Onus to Prove Transaction of Parda Nasheen Lady

Onus to Prove Transaction of Parda Nasheen Lady Case Laws Civil Law Gift Knowledge - Civil Law Litigation & Arbitration Pardha Nashin Lady Solutions - Civil Law Supreme Court Mr. Justice Dost Muhammad Khan in his judgment has decided the issue regarding onus to prove transaction of Parda Nasheen lady in Civil Appeal No.774 of 2013.

1. Through the instant appeal, the appellant, Phul Peer Shah has questioned the legality and legitimacy of the judgment dated 16.5.2013 passed by the learned Single Judge of the Lahore High Court, Rawalpindi Bench, Rawalpindi whereby, Revision Petition No.100 of 2005 filed by the respondent, Mst. Hafeez Fatima was accepted and her suit was decreed after setting aside the judgments & decrees of the Trial Court dated 1.7.2004 and that of the District Appeal Court/ADJ Chakwal dated 26.10.2004.

We have heard Syed Qalb-e-Hassan Shah, learned ASC for the appellant and Barrister Imran Hassan Ali Chaudhry, learned ASC for the respondent and have carefully gone through the record, the impugned judgments of the Trial Court and the District Appeal Court as well as the evidence on record.

2. The epitome of the controversy is that the appellant claimed, having had purchased the suit property measuring 56-K,16-M in Patwar Circle ‘Choa Saiden Shah’ for sale consideration of Rs.2,60,000/- in presence of the witnesses i.e. DW-4 and DW-5 and that, the sale was given the colour of device of “Hiba-bil-Iwaz” to avoid of any pre-emption suit by the adjacent owners of the land.

3. Admittedly the respondent is a rustic old, illiterate widow and of reasonably advanced age. None of the witnesses of the so called sale transaction in any manner was acquainted with the lady much less related, rather they have close association and attachment with the appellant. It is alleged that the respondent lady reported the transaction to the ‘Moza Patwari’, who recorded the transaction in the ‘Patwari Daily Diary’ then mutation No.4021 was entered and it is further alleged that the same was attested by the Revenue Officer on 18.12.1993. In this way, the respondent lady was deprived of her entire land which was managed and cultivated by her tenants.

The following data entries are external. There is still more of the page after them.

(* Let $(\mathcal A,U,\varphi)$ be a sequential formalism and $R\in\mathcal A$. Then: (1) if $\Rsh R$ is trivially inconsistent (i.e. some component of $\Rsh R$ is $\emptyset$), then $R$ is unsatisfiable; (2) if $R$ is satisfiable, then $\Rsh R$ is $\Rsh$-consistent; (3) every satisfiable basic relation is $\Rsh$-consistent.
   Context: A finite non-associative algebra is a tuple $(\mathcal A,\cup,\neg,\emptyset,\mathcal B,\diamond,\overline{\cdot},e)$ where $(\mathcal A,\cup,\neg,\emptyset,\mathcal B)$ is a finite Boolean algebra (with $x\cap y=\neg(\neg x\cup\neg y)$) and for all $x,y,z$: $\overline{\overline x}=x$, $\overline{x\cup y}=\overline x\cup\overline y$, $\overline{x\diamond y}=\overline y\diamond\overline x$, $e\diamond x=x\diamond e=x$, $x\diamond(y\cup z)=(x\diamond y)\cup(x\diamond z)$, $(x\diamond y)\cap\overline z=\emptyset\iff(y\diamond z)\cap\overline x=\emptyset$. $\mathcal B$ is the universal relation; $r\subseteq r'$ means $r\cup r'=r'$; atoms are basic relations. A projection operator from $\mathcal A$ to $\mathcal A'$ is a map $\Rsh$ with $\Rsh(r\cup r')=\Rsh r\cup\Rsh r'$ and $\Rsh\overline r=\overline{\Rsh r}$. A finite multi-algebra is a product $\mathcal A_1\times\cdots\times\mathcal A_m$ of finite non-associative algebras with projection operators $\Rsh_i^j:\mathcal A_i\to\mathcal A_j$ for all distinct $i,j$. Relations $R=(R_1,\dots,R_m)$; basic if all $R_i$ are atoms; universal relation $\mathcal B=(\mathcal B_1,\dots,\mathcal B_m)$; operations and $\subseteq$ componentwise; $B\in R$ means $B$ basic, $B\subseteq R$. $R$ is closed under projection if $R_j\subseteq\Rsh_i^jR_i$ for all distinct $i,j$; the projection closure $\Rsh R$ is obtained by repeatedly replacing $R_j$ by $R_j\cap\Rsh_i^jR_i$ until a fixed point. $R$ is $\Rsh$-consistent if it is closed under projection and $R_i\ne\emptyset$ for all $i$. A sequential formalism is $(\mathcal A,U,\varphi)$ with $\mathcal A$ a finite multi-algebra, $U\ne\emptyset$, $\varphi:\mathcal A\to 2^{U\times U}$ satisfying $\varphi(\Rsh R)=\varphi(R)$, $\varphi(\overline R)=\varphi(R)^{-1}$, $\varphi((\emptyset,\dots,\emptyset))=\emptyset$, $\varphi(R\diamond R')\supseteq(\varphi(R)\circ\varphi(R'))\cap\varphi(\mathcal B)$, $\varphi(R\cap R')=\varphi(R)\cap\varphi(R')$, $\varphi(R)=\bigcup_{B\in R}\varphi(B)$. $R$ is satisfiable if $\varphi(R)\ne\emptyset$. *)

theory Defs
  imports Main
begin

record 'a nalg =
  carrier :: "'a set"
  cup   :: "'a \<Rightarrow> 'a \<Rightarrow> 'a"
  neg   :: "'a \<Rightarrow> 'a"
  emp   :: 'a
  univ  :: 'a
  comp  :: "'a \<Rightarrow> 'a \<Rightarrow> 'a"
  conv  :: "'a \<Rightarrow> 'a"
  ident :: 'a

definition cap :: "'a nalg \<Rightarrow> 'a \<Rightarrow> 'a \<Rightarrow> 'a" where
  "cap A x y = neg A (cup A (neg A x) (neg A y))"

definition subrel :: "'a nalg \<Rightarrow> 'a \<Rightarrow> 'a \<Rightarrow> bool" where
  "subrel A x y \<longleftrightarrow> cup A x y = y"

definition finite_boolean_algebra :: "'a nalg \<Rightarrow> bool" where
  "finite_boolean_algebra A \<longleftrightarrow>
     finite (carrier A) \<and> emp A \<in> carrier A \<and> univ A \<in> carrier A \<and>
     (\<forall>x\<in>carrier A. neg A x \<in> carrier A) \<and>
     (\<forall>x\<in>carrier A. \<forall>y\<in>carrier A. cup A x y \<in> carrier A) \<and>
     (\<forall>x\<in>carrier A. \<forall>y\<in>carrier A. \<forall>z\<in>carrier A.
        cup A x y = cup A y x \<and> cap A x y = cap A y x \<and>
        cup A x (cup A y z) = cup A (cup A x y) z \<and>
        cap A x (cap A y z) = cap A (cap A x y) z \<and>
        cup A x (cap A x y) = x \<and> cap A x (cup A x y) = x \<and>
        cup A x (cap A y z) = cap A (cup A x y) (cup A x z) \<and>
        cap A x (cup A y z) = cup A (cap A x y) (cap A x z) \<and>
        cup A x (emp A) = x \<and> cap A x (univ A) = x \<and>
        cup A x (neg A x) = univ A \<and> cap A x (neg A x) = emp A)"

definition finite_nalg :: "'a nalg \<Rightarrow> bool" where
  "finite_nalg A \<longleftrightarrow>
     finite_boolean_algebra A \<and> ident A \<in> carrier A \<and>
     (\<forall>x\<in>carrier A. conv A x \<in> carrier A) \<and>
     (\<forall>x\<in>carrier A. \<forall>y\<in>carrier A. comp A x y \<in> carrier A) \<and>
     (\<forall>x\<in>carrier A. \<forall>y\<in>carrier A. \<forall>z\<in>carrier A.
        conv A (conv A x) = x \<and>
        conv A (cup A x y) = cup A (conv A x) (conv A y) \<and>
        conv A (comp A x y) = comp A (conv A y) (conv A x) \<and>
        comp A (ident A) x = x \<and> comp A x (ident A) = x \<and>
        comp A x (cup A y z) = cup A (comp A x y) (comp A x z) \<and>
        ((cap A (comp A x y) (conv A z) = emp A) \<longleftrightarrow>
         (cap A (comp A y z) (conv A x) = emp A)))"

definition is_atom :: "'a nalg \<Rightarrow> 'a \<Rightarrow> bool" where
  "is_atom A x \<longleftrightarrow> x \<in> carrier A \<and> x \<noteq> emp A \<and>
     (\<forall>y\<in>carrier A. subrel A y x \<longrightarrow> y = emp A \<or> y = x)"

definition projection_op :: "'a nalg \<Rightarrow> 'a nalg \<Rightarrow> ('a \<Rightarrow> 'a) \<Rightarrow> bool" where
  "projection_op A A' p \<longleftrightarrow>
     (\<forall>r\<in>carrier A. p r \<in> carrier A') \<and>
     (\<forall>r\<in>carrier A. \<forall>r'\<in>carrier A. p (cup A r r') = cup A' (p r) (p r')) \<and>
     (\<forall>r\<in>carrier A. p (conv A r) = conv A' (p r))"

definition multi_algebra :: "nat \<Rightarrow> (nat \<Rightarrow> 'a nalg) \<Rightarrow> (nat \<Rightarrow> nat \<Rightarrow> 'a \<Rightarrow> 'a) \<Rightarrow> bool" where
  "multi_algebra m A P \<longleftrightarrow>
     (\<forall>i<m. finite_nalg (A i)) \<and>
     (\<forall>i<m. \<forall>j<m. i \<noteq> j \<longrightarrow> projection_op (A i) (A j) (P i j))"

4. After getting knowledge of the said event, the respondent lady filed a suit on 31.10.1996 wherein she has alleged that naked fraud was committed upon her and in a fraudulent manner the land was transferred from her name without her consent, knowledge and will and without consideration and even if it is assumed to be so, then she is entitled to revoke the same. After filing written statements, contesting the suit by the appellant, the Trial Court held the trial on the wrong issues framed and then dismissed the suit. The same was the fate of the appeal filed by the respondent lady as stated above. However, the learned Judge in Chamber of the High Court set at naught both the judgments and decrees of the two courts below on the ground that the same were based on misreading and gross non reading of material evidence and mis and non-application of correct law to the established facts, causing serious miscarriage of justice.

5. Learned ASC for the appellant vehemently argued at considerable length that it is established principle of law that concurrent findings of two courts below be considered sacrosanct and not amenable to limited revisional jurisdiction of the High Court. He urged that no fraud was committed upon the respondent lady and because she has taken two divergent pleas, as in the first instance she has denied to have entered into any such transaction but in the same breath in paras- 16 and 17 of the plaint she opted to revoke the gift even if it is proved and this vacillating conduct of the lady speaks volumes about her conduct on account of self clashing pleas taken by her and thirdly, the appellant has established his case through overwhelming evidence by producing all the witnesses who were present at the time of initial transaction and then at the time of attestation of mutation, besides the revenue officer of the circle and the former ‘patwari’ who had entered the mutation and report in the ‘Daily Diary’, therefore, there was no occasion for the learned Judge in the High Court to interfere with the well reasoned judgments of the two courts below based on concurrent findings of facts, reached at after proper appraisal and re-appraisal of evidence on record. He also relied on the same case laws, which were cited before the learned Judge in the High Court during the course of arguments.